**What the task asks**.
Every single record below is to be reproduced exactly.

**Available records**.
(* Let $\ell$ be a positive integer. Any partial $(n,k,t)_\lambda$-system has an $\ell$-presequencing $(U_0,\ldots,U_{s-1})$ with $s=\lceil\sigma\rceil$, where \[ \sigma=\sigma(n,k,t,\lambda)=\left(e(2^k-1)\left(k\lambda\binom{n-1}{t-1}\binom{k-1}{t-1}^{-1}-k+1\right)\right)^{\frac{1}{k-1}} \] and $e$ is the base of the natural logarithm.
   Context: For positive integers $n,k,t,\lambda$ with $n \geq k > t \geq 2$, a partial $(n,k,t)_\lambda$-system is a pair $(X,\mathcal{B})$ where $X$ is an $n$-set of vertices and $\mathcal{B}$ is a collection of $k$-subsets of $X$ (blocks) such that each $t$-subset of $X$ is contained in at most $\lambda$ blocks. An independent set is a subset of $X$ containing no block. An $\ell$-buffered set is a triple $(S,S^{L},S^{R})$ with $S^{L},S^{R}\subseteq S$ (buffers) such that: (B1) if $|S|\le \ell-2$ then $S^{L}=S^{R}=S$; (B2) if $\ell-1\le |S|\le 2\ell-2$ then $|S^{L}|=|S^{R}|=\ell-1$ and $S^{L}\cup S^{R}=S$; (B3) if $|S|\ge 2\ell-1$ then $|S^{L}|=|S^{R}|=\ell-1$ and $S^{L}\cap S^{R}=\emptyset$. An $\ell$-presequencing of $(X,\mathcal{B})$ is a tuple $(X_0,\ldots,X_{s-1})$ of $\ell$-buffered sets (classes) whose underlying sets partition $X$, such that (P1) each $X_i$ is independent, and (P2) for each $i\in\mathbb{Z}_s$, $X_i^{R}\cup X_{i+1}^{L}$ is independent (indices mod $s$). *)

theory Defs
  imports Complex_Main "HOL-Library.Multiset"
begin

definition partial_system ::
  "nat \<Rightarrow> nat \<Rightarrow> nat \<Rightarrow> nat \<Rightarrow> 'a set \<Rightarrow> 'a set multiset \<Rightarrow> bool" where
  "partial_system n k t lam X B \<longleftrightarrow>
     finite X \<and> card X = n \<and>
     (\<forall>b \<in># B. b \<subseteq> X \<and> card b = k) \<and>
     (\<forall>T. T \<subseteq> X \<and> card T = t \<longrightarrow> size (filter_mset (\<lambda>b. T \<subseteq> b) B) \<le> lam)"

definition independent :: "'a set multiset \<Rightarrow> 'a set \<Rightarrow> bool" where
  "independent B S \<longleftrightarrow> (\<forall>b \<in># B. \<not> b \<subseteq> S)"
lemma subsample_exceedance_tendsto_zero_atomic:
  fixes M :: "'a::metric_space set" and c :: real
  assumes P: "prob_space P" and Pb: "sets P = sets borel" and "closed M" and null: "measure P (- M) = 0"
    and "c > 0" and atoms: "\<And>x. x \<in> M \<Longrightarrow> c \<le> measure P {x}" and "0 \<le> \<alpha>"
  shows "(\<lambda>n. subsample_exceedance P M n (b n) \<alpha>) \<longlonglongrightarrow> 0"
proof (rule real_tendsto_sandwich)
  have "finite M"
    by (rule finite_if_atoms_ge[OF P Pb \<open>c > 0\<close> atoms])
  have "subsample_exceedance P M n (b n) \<alpha> \<le> card M * exp (- c * n)" if "0 < n" for n
  proof -
    obtain A where "A \<in> sets (sample_law P n)" "measure (sample_law P n) A \<le> card M * exp (- c * n)"
      and "\<And>w. w \<in> space (sample_law P n) \<Longrightarrow> w \<notin> A \<Longrightarrow> hausdorff_dist (w ` {..<n}) M \<le> 0 + 0"
    proof (rule sample_hausdorff_dist_le[OF P Pb \<open>closed M\<close> null order.refl \<open>finite M\<close> \<open>0 < n\<close>])
      show "\<exists>f\<in>M. dist y f \<le> 0" if "y \<in> M" for y
        using that by auto
      show "c \<le> measure P (cball f 0)" if "f \<in> M" for f
        using atoms[OF that] by simp
    qed auto
    then have "subsample_exceedance P M n (b n) \<alpha> \<le> measure (sample_law P n) A + measure (sample_law P n) {}"
      by (intro subsample_exceedance_le[OF P]) (auto intro: subsample_c_nonneg[OF \<open>0 \<le> \<alpha>\<close>])
    with \<open>measure _ A \<le> _\<close> show ?thesis
      by simp
  qed
  then show "\<forall>\<^sub>F n in sequentially. subsample_exceedance P M n (b n) \<alpha> \<le> card M * exp (- c * n)"
    unfolding eventually_sequentially by (intro exI[of _ 1]) auto
  show "\<forall>\<^sub>F n in sequentially. 0 \<le> subsample_exceedance P M n (b n) \<alpha>"
    by (simp add: subsample_exceedance_nonneg)
  show "(\<lambda>n. card M * exp (- c * real n)) \<longlonglongrightarrow> 0"
    using \<open>c > 0\<close> by real_asymp
qed simp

**Answer for this exercise**.
(* Let $\ell$ be a positive integer. Any partial $(n,k,t)_\lambda$-system has an $\ell$-presequencing $(U_0,\ldots,U_{s-1})$ with $s=\lceil\sigma\rceil$, where \[ \sigma=\sigma(n,k,t,\lambda)=\left(e(2^k-1)\left(k\lambda\binom{n-1}{t-1}\binom{k-1}{t-1}^{-1}-k+1\right)\right)^{\frac{1}{k-1}} \] and $e$ is the base of the natural logarithm.
   Context: For positive integers $n,k,t,\lambda$ with $n \geq k > t \geq 2$, a partial $(n,k,t)_\lambda$-system is a pair $(X,\mathcal{B})$ where $X$ is an $n$-set of vertices and $\mathcal{B}$ is a collection of $k$-subsets of $X$ (blocks) such that each $t$-subset of $X$ is contained in at most $\lambda$ blocks. An independent set is a subset of $X$ containing no block. An $\ell$-buffered set is a triple $(S,S^{L},S^{R})$ with $S^{L},S^{R}\subseteq S$ (buffers) such that: (B1) if $|S|\le \ell-2$ then $S^{L}=S^{R}=S$; (B2) if $\ell-1\le |S|\le 2\ell-2$ then $|S^{L}|=|S^{R}|=\ell-1$ and $S^{L}\cup S^{R}=S$; (B3) if $|S|\ge 2\ell-1$ then $|S^{L}|=|S^{R}|=\ell-1$ and $S^{L}\cap S^{R}=\emptyset$. An $\ell$-presequencing of $(X,\mathcal{B})$ is a tuple $(X_0,\ldots,X_{s-1})$ of $\ell$-buffered sets (classes) whose underlying sets partition $X$, such that (P1) each $X_i$ is independent, and (P2) for each $i\in\mathbb{Z}_s$, $X_i^{R}\cup X_{i+1}^{L}$ is independent (indices mod $s$). *)

theory Defs
  imports Complex_Main "HOL-Library.Multiset"
begin

definition partial_system ::
  "nat \<Rightarrow> nat \<Rightarrow> nat \<Rightarrow> nat \<Rightarrow> 'a set \<Rightarrow> 'a set multiset \<Rightarrow> bool" where
  "partial_system n k t lam X B \<longleftrightarrow>
     finite X \<and> card X = n \<and>
     (\<forall>b \<in># B. b \<subseteq> X \<and> card b = k) \<and>
     (\<forall>T. T \<subseteq> X \<and> card T = t \<longrightarrow> size (filter_mset (\<lambda>b. T \<subseteq> b) B) \<le> lam)"

definition independent :: "'a set multiset \<Rightarrow> 'a set \<Rightarrow> bool" where
  "independent B S \<longleftrightarrow> (\<forall>b \<in># B. \<not> b \<subseteq> S)"
lemma subsample_exceedance_tendsto_zero_atomic:
  fixes M :: "'a::metric_space set" and c :: real
  assumes P: "prob_space P" and Pb: "sets P = sets borel" and "closed M" and null: "measure P (- M) = 0"
    and "c > 0" and atoms: "\<And>x. x \<in> M \<Longrightarrow> c \<le> measure P {x}" and "0 \<le> \<alpha>"
  shows "(\<lambda>n. subsample_exceedance P M n (b n) \<alpha>) \<longlonglongrightarrow> 0"
proof (rule real_tendsto_sandwich)
  have "finite M"
    by (rule finite_if_atoms_ge[OF P Pb \<open>c > 0\<close> atoms])
  have "subsample_exceedance P M n (b n) \<alpha> \<le> card M * exp (- c * n)" if "0 < n" for n
  proof -
    obtain A where "A \<in> sets (sample_law P n)" "measure (sample_law P n) A \<le> card M * exp (- c * n)"
      and "\<And>w. w \<in> space (sample_law P n) \<Longrightarrow> w \<notin> A \<Longrightarrow> hausdorff_dist (w ` {..<n}) M \<le> 0 + 0"
    proof (rule sample_hausdorff_dist_le[OF P Pb \<open>closed M\<close> null order.refl \<open>finite M\<close> \<open>0 < n\<close>])
      show "\<exists>f\<in>M. dist y f \<le> 0" if "y \<in> M" for y
        using that by auto
      show "c \<le> measure P (cball f 0)" if "f \<in> M" for f
        using atoms[OF that] by simp
    qed auto
    then have "subsample_exceedance P M n (b n) \<alpha> \<le> measure (sample_law P n) A + measure (sample_law P n) {}"
      by (intro subsample_exceedance_le[OF P]) (auto intro: subsample_c_nonneg[OF \<open>0 \<le> \<alpha>\<close>])
    with \<open>measure _ A \<le> _\<close> show ?thesis
      by simp
  qed
  then show "\<forall>\<^sub>F n in sequentially. subsample_exceedance P M n (b n) \<alpha> \<le> card M * exp (- c * n)"
    unfolding eventually_sequentially by (intro exI[of _ 1]) auto
  show "\<forall>\<^sub>F n in sequentially. 0 \<le> subsample_exceedance P M n (b n) \<alpha>"
    by (simp add: subsample_exceedance_nonneg)
  show "(\<lambda>n. card M * exp (- c * real n)) \<longlonglongrightarrow> 0"
    using \<open>c > 0\<close> by real_asymp
qed simp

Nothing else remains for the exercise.